The European trailer for "The Path to 9/11."



Over on Kos, where they keep calling the show "Disney/ABC conservative fan fiction," they're saying:
[T]he advertisement makes it very clear just what sort of Limbaugh-style political porn this thing was intended to be.
The trailer certainly makes the movie look exciting. It made me go back to the NYT review by TV critic Alessandra Stanley. ("'The Path to 9/11' is an unsparing, and at times hyperbolic, portrait of bureaucratic turf wars, buck passing and complacency.") A lot of the bloggers who have been railing about "The Path" are laying into her. I see that there's a correction there now:
The TV Watch column in Weekend yesterday, about the ABC mini-series “The Path to 9/11,” referred incorrectly to a conclusion of the commission that investigated the terror attacks. The commission said the accusation that President Clinton had ordered air strikes against Osama bin Laden in August 1998 to distract attention from the Monica Lewinsky scandal was one of several factors that “likely had a cumulative effect on future decisions about the use of force” against Mr. bin Laden. It did not conclude that the scandal distracted the Clinton administration from the terrorist threat.
There. Happy now?

Anyway, this is Stanley's key point that's relevant to the demands to yank the film:
All mini-series Photoshop the facts. “The Path to 9/11” is not a documentary, or even a docu-drama; it is a fictionalized account of what took place. It relies on the report of the Sept. 11 commission, the King James version of all Sept. 11 accounts, as well as other material and memoirs. Some scenes come straight from the writers’ imaginations. Yet any depiction of those times would have to focus on those who were in charge, and by their own accounts mistakes were made.
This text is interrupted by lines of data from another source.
lemma residual_gain_at_vertex_nonneg:
  assumes A: "A \<subseteq> E" and mass: "(\<Sum>e\<in>{e\<in>E. fst e = u}. x e) \<le> 1"
  shows "0 \<le> (\<Sum>e\<in>{e\<in>free_edges E A. fst e = u}.
               x e * (residual_value E f x (insert e A) - residual_value E f x A))"
proof -
  define Du where "Du = {e\<in>free_edges E A. fst e = u}"
  define D' where "D' = {e\<in>free_edges E A. fst e \<noteq> u}"
  have sub: "Du \<subseteq> E" "D' \<subseteq> E" unfolding Du_def D'_def free_edges_def by auto
  have "finite D'" using sub finite_E finite_subset by auto
  have "(\<Sum>e\<in>Du. x e) \<le> (\<Sum>e\<in>{e\<in>E. fst e = u}. x e)"
    using x_range finite_E by (intro sum_mono2) (auto simp: Du_def free_edges_def)
  then have mass_Du: "(\<Sum>e\<in>Du. x e) \<le> 1" using mass by linarith
  let ?R = "residual_value E f x" and ?m = "\<Sum>e\<in>Du. x e"
  \<comment> \<open>Matching an edge at u frees exactly the edges away from u, so both the gain and
     the loss are multilinear extensions over D'.\<close>
  have "(\<Sum>e\<in>Du. x e * ?R (insert e A)) = (\<Sum>e\<in>Du. x e * multilinear_ext D' (\<lambda>S. f (insert e (A \<union> S))) x)"
    using residual_value_insert[of _ E A f x] by (intro sum.cong) (auto simp: Du_def D'_def)
  also have "\<dots> = multilinear_ext D' (\<lambda>S. \<Sum>e\<in>Du. x e * f (insert e (A \<union> S))) x"
    by (simp add: multilinear_ext_sum multilinear_ext_cmult)
  finally have gain: "(\<Sum>e\<in>Du. x e * ?R (insert e A)) = \<dots>" .
  have loss: "?m * ?R A = multilinear_ext D' (\<lambda>S'. ?m * multilinear_ext Du (\<lambda>S. f (A \<union> S' \<union> S)) x) x"
    by (simp add: residual_value_split_vertex[OF finite_E, of _ _ _ u] multilinear_ext_cmult Du_def D'_def)
  have "(\<Sum>e\<in>Du. x e * (?R (insert e A) - ?R A)) = (\<Sum>e\<in>Du. x e * ?R (insert e A)) - ?m * ?R A"
    by (simp add: right_diff_distrib sum_subtractf sum_distrib_right)
  also have "\<dots> = multilinear_ext D' (\<lambda>S'. (\<Sum>e\<in>Du. x e * f (insert e (A \<union> S')))
      - ?m * multilinear_ext Du (\<lambda>S. f (A \<union> S' \<union> S)) x) x"
    unfolding gain loss by (rule multilinear_ext_diff[symmetric])
  also have "\<dots> \<ge> multilinear_ext D' (\<lambda>_. 0) x"
  proof (rule multilinear_ext_mono)
    show "\<forall>e\<in>D'. 0 \<le> x e \<and> x e \<le> 1" using x_range sub by auto
    fix S' assume "S' \<subseteq> D'"
    then have "A \<union> S' \<subseteq> E" using A sub by auto
    from mass_mult_multilinear_ext_le[OF this sub(1) mass_Du]
    show "0 \<le> (\<Sum>e\<in>Du. x e * f (insert e (A \<union> S'))) - ?m * multilinear_ext Du (\<lambda>S. f (A \<union> S' \<union> S)) x"
      by simp
  qed
  finally show ?thesis using multilinear_ext_const[OF \<open>finite D'\<close>] by (simp add: Du_def)
qed

lemma residual_gain_nonneg:
  assumes "A \<subseteq> E" and "\<forall>u. (\<Sum>e\<in>{e\<in>E. fst e = u}. x e) \<le> 1"
  shows "0 \<le> (\<Sum>e\<in>free_edges E A. x e * (residual_value E f x (insert e A) - residual_value E f x A))"
proof -
  have "finite (free_edges E A)" using finite_E by (simp add: free_edges_def)
  then have "(\<Sum>e\<in>free_edges E A. x e * (residual_value E f x (insert e A) - residual_value E f x A))
      = (\<Sum>u\<in>fst ` free_edges E A. \<Sum>e\<in>{e\<in>free_edges E A. fst e = u}.
           x e * (residual_value E f x (insert e A) - residual_value E f x A))"
    by (simp add: sum.group)
  also have "\<dots> \<ge> 0"
    using assms by (intro sum_nonneg residual_gain_at_vertex_nonneg) auto
  finally show ?thesis .
qed

end

definition expected_after ::
  "'w set \<Rightarrow> ('w \<Rightarrow> real) \<Rightarrow> ('w \<Rightarrow> 's \<Rightarrow> 's) \<Rightarrow> nat \<Rightarrow> ('s \<Rightarrow> real) \<Rightarrow> 's \<Rightarrow> real" where
  "expected_after \<Omega> P step k g s = (\<Sum>ws\<in>seqs \<Omega> k. prod_list (map P ws) * g (fold step ws s))"

lemma seqs_0: "seqs A 0 = {[]}"
  by (auto simp: seqs_def)

lemma seqs_Suc: "seqs A (Suc k) = (\<lambda>(w, ws). w # ws) ` (A \<times> seqs A k)"
  by (auto simp: seqs_def length_Suc_conv image_iff)

lemma expected_after_0: "expected_after \<Omega> P step 0 g s = g s"
  by (simp add: expected_after_def seqs_0)

lemma expected_after_Suc:
  "expected_after \<Omega> P step (Suc k) g s = (\<Sum>w\<in>\<Omega>. P w * expected_after \<Omega> P step k g (step w s))"
proof -
  have inj: "inj_on (\<lambda>(w, ws). w # ws) (\<Omega> \<times> seqs \<Omega> k)" by (auto intro: inj_onI)
  have "expected_after \<Omega> P step (Suc k) g s
      = (\<Sum>(w, ws)\<in>\<Omega> \<times> seqs \<Omega> k. P w * (prod_list (map P ws) * g (fold step ws (step w s))))"
    unfolding expected_after_def seqs_Suc by (subst sum.reindex[OF inj]) (simp add: case_prod_beta mult_ac)
  also have "\<dots> = (\<Sum>w\<in>\<Omega>. P w * expected_after \<Omega> P step k g (step w s))"
    unfolding expected_after_def sum.cartesian_product[symmetric] by (simp add: sum_distrib_left)
  finally show ?thesis .
qed

locale mmp_instance =
  fixes U :: "'u set" and V :: "'v set" and E :: "('u \<times> 'v) set"
    and p :: "'v \<Rightarrow> real" and T :: nat and f :: "('u \<times> 'v) set \<Rightarrow> real" and x :: "'u \<times> 'v \<Rightarrow> real"
  assumes osbm: "osbm_instance U V E p T f" and feasible: "lp_feasible U V E p T x"
begin

abbreviation "\<Omega> \<equiv> round_outcomes V E"
abbreviation "P \<equiv> round_prob V E p T x"

lemma finite_U: "finite U" and finite_V: "finite V" and E_subset: "E \<subseteq> U \<times> V"
  and T_pos: "T \<ge> 1" and p_nonneg: "\<forall>v\<in>V. 0 \<le> p v" and sum_p_le_1: "sum p V \<le> 1"
  and f_empty: "f {} = 0"
  using osbm unfolding osbm_instance_def by auto
(* Let $n\ge 2$ and let $\|\cdot\|$ be a norm on $\mathbb{R}^{n+1}$ which is $C^2$ smooth on $\mathbb{R}^{n+1}\setminus\{0\}$. Suppose there exists $\varepsilon>0$ such that $$\langle \nabla^2_{\mathbb{R}^{n+1}}\|\cdot\|(y)\,\theta,\theta\rangle \geq \varepsilon\,\|y\| \quad\text{for all } y,\theta\in S^n \text{ with } \langle y,\theta\rangle = 0.$$ Then for every $\alpha\ge -n$, the weighted manifold $(S^n,g,\eta^{n,\alpha})$ satisfies $CD\big(n-1-(1-\varepsilon)(n+\alpha), -\alpha\big)$, where $d\eta^{n,\alpha}(y) = \frac{c_{n,\alpha}}{\|y\|^{n+\alpha}}\,d\sigma^n(y)$ and $c_{n,\alpha}>0$ is a normalizing constant.
   Context: $S^n\subset\mathbb{R}^{n+1}$ is the Euclidean unit sphere with canonical Riemannian metric $g$; $\sigma^n$ is the Haar probability measure on $S^n$; $\langle\cdot,\cdot\rangle$ is the Euclidean inner product and $\nabla^2_{\mathbb{R}^{n+1}}$ the Euclidean Hessian. Curvature-Dimension condition (tensorial definition): for a closed Riemannian manifold $(M^n,g)$ with a measure $\mu$ having positive $C^2$ density $\Psi$ with respect to the Riemannian volume, and $N\in(-\infty,\infty]$, set $\mathrm{Ric}_{g,\mu,N} := \mathrm{Ric}_g - \nabla_g^2\log\Psi - \frac{1}{N-n}\nabla_g\log\Psi\otimes\nabla_g\log\Psi$ (conventions $1/\infty=0$, $1/0=+\infty$, $\infty\cdot 0=0$). $(M,g,\mu)$ satisfies $CD(\rho,N)$ if $\mathrm{Ric}_{g,\mu,N}\ge\rho\, g$ as symmetric 2-tensors on $M$. *)

theory Defs
  imports "HOL-Analysis.Analysis"
begin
Various bloggers (and commenters in the preceding post) are crying slander and saying that the public figures who are seeing themselves portrayed here ought to sue. I'm not going to belabor the point I've already made in comments, but it seems very clear to me that the legal standard they are talking about would be outrageously repressive. Why is it so hard to step back for a minute and see how the ideas you're expressing would apply in other situations?